Here's my situation. Right now I'm in London but I'm considering a move to Barcelona to follow my girlfriend who has recently landed her dream job there. She's from Barcelona so it's a return home for her.

There is a project that my employer outsources 4 times a year and my intention is to be the replacement provider of this service and to do the work from my home in Barcelona. It's a total of 10 weeks work made up of 2 lots of three weeks and 2 lots of two weeks (let me just check the maths, yep I didn't fluff it up ) spread across the year.

The income from this would be enough for me to survive on but with another 42 weeks of the year left available I'd be a fool to not consider supplementing my income with additional work (give or take the odd trip abroad). Are there income thresholds I should bear in mind?

My first main question is, where should I be registered to pay tax? This will be my first time being self-employed in either country so have zero experience with this. Does it make any difference which country the money is coming from? Could I continue to be registered in the UK, earn money from a UK company, but just happen to be living in Spain?

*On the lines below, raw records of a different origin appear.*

(* Fix an infinite-to-one map $f$ of $\mathbb{Z}$ onto $\mathbb{Z}$ and consider the blue backward Markov chain on columns described in the context. Let $n\ge1$ and let $(a(i,j))_{-n\le i,j\le n}$ be a fixed array of $0$s and $1$s. Then for every $\epsilon>0$ there exists $m$ such that for all integers $M>m$, $N>m$ and all doubly infinite $0$-$1$ sequences $(A(i))_{i\in\mathbb{Z}}$, $(B(i))_{i\in\mathbb{Z}}$, $$\Big|P\big(X(i,j)=a(i,j),\,-n\le i,j\le n \,\big|\, X(i,M)=A(i)\ \forall i\big)-P\big(X(i,j)=a(i,j),\,-n\le i,j\le n \,\big|\, X(i,N)=B(i)\ \forall i\big)\Big|<\epsilon .$$
   Context: Random variables $X(i,j)\in\{0,1\}$, $i,j\in\mathbb{Z}$; for each $j$, the $j$-th column is $(X(i,j))_{i\in\mathbb{Z}}$. Blue transition rule (the chain runs backwards in $j$): given the column $j+1$, the variables $X(i,j)$, $i\in\mathbb{Z}$, are conditionally independent (and independent of the columns $j+2,j+3,\dots$), and $X(i,j)$ equals $X(f(i),j+1)$ with probability $2/3$ and equals $1-X(f(i),j+1)$ with probability $1/3$. The conditional probability given column $M$ (resp. $N$) means: fix that column and generate columns $M-1,M-2,\dots$ (resp. $N-1,N-2,\dots$) successively by the blue transition rule. *)

theory Defs
  imports "HOL-Probability.Probability"
begin

text \<open>0-1 values are modelled as booleans (True = 1, False = 0).
  The blue backward chain started from column M with values A is realised by
  independent flip variables E(i,j) (True = flip, probability 1/3):
  X(i,j) = X(f i, j+1) xor E(i,j) for j < M, and X(i,M) = A i.
  blueX f A M E k i is the value X(i, M - k).\<close>

fun blueX :: "(int \<Rightarrow> int) \<Rightarrow> (int \<Rightarrow> bool) \<Rightarrow> int \<Rightarrow> (int \<times> int \<Rightarrow> bool) \<Rightarrow> nat \<Rightarrow> int \<Rightarrow> bool" where
  "blueX f A M E 0 i = A i"
| "blueX f A M E (Suc k) i = (blueX f A M E k (f i) \<noteq> E (i, M - int (Suc k)))"

definition noise :: "(int \<times> int \<Rightarrow> bool) measure" where
  "noise = PiM UNIV (\<lambda>_. measure_pmf (bernoulli_pmf (1/3)))"

definition blue_prob :: "(int \<Rightarrow> int) \<Rightarrow> int \<Rightarrow> (int \<Rightarrow> int \<Rightarrow> bool) \<Rightarrow> int \<Rightarrow> (int \<Rightarrow> bool) \<Rightarrow> real" where
  "blue_prob f n a M A = measure noise
     {E \<in> space noise. \<forall>i\<in>{-n..n}. \<forall>j\<in>{-n..n}. blueX f A M E (nat (M - j)) i = a i j}"

definition infinite_to_one_onto :: "(int \<Rightarrow> int) \<Rightarrow> bool" where
  "infinite_to_one_onto f \<longleftrightarrow> surj f \<and> (\<forall>y. infinite (f -` {y}))"

end

theory Submission
  imports Defs
begin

Secondly, is there anything else I need to consider? With the "Brexit button" supposedly about to be pushed is there anything I'd likely be better off doing sooner rather than later?

Thank you all so much in advance for your advice.


----------



## Chopera (Apr 22, 2013)

You pay tax in the country you spend most of the year living in. However in Spain it is not just a case of registering to pay tax, you also need to pay social security and, if your employer is unable to give you a contract where they handle the social security payments for you, then you'll probably have to register as an autonomo (freelancer) and handle these payments yourself. If you hunt around in this forum you should find information on what this involves.

If possible I would make sure you move to Spain after June, so you spend less than 6 months of this year in Spain and remain a UK tax resident, and then in theory you won't have to worry about paying tax in Spain until after June 2018.


----------



## CharlieMCFC (Jan 27, 2016)

I mostly concur with Chopera although I didn't think that you needed to pay social security, you can pay for private health care instead.


----------



## snikpoh (Nov 19, 2007)

CharlieMCFC said:


> I mostly concur with Chopera although I didn't think that you needed to pay social security, you can pay for private health care instead.


You don't have a choice. You have to be autonomo (self-employed) in Spain, and this requires monthly SS to be paid.


----------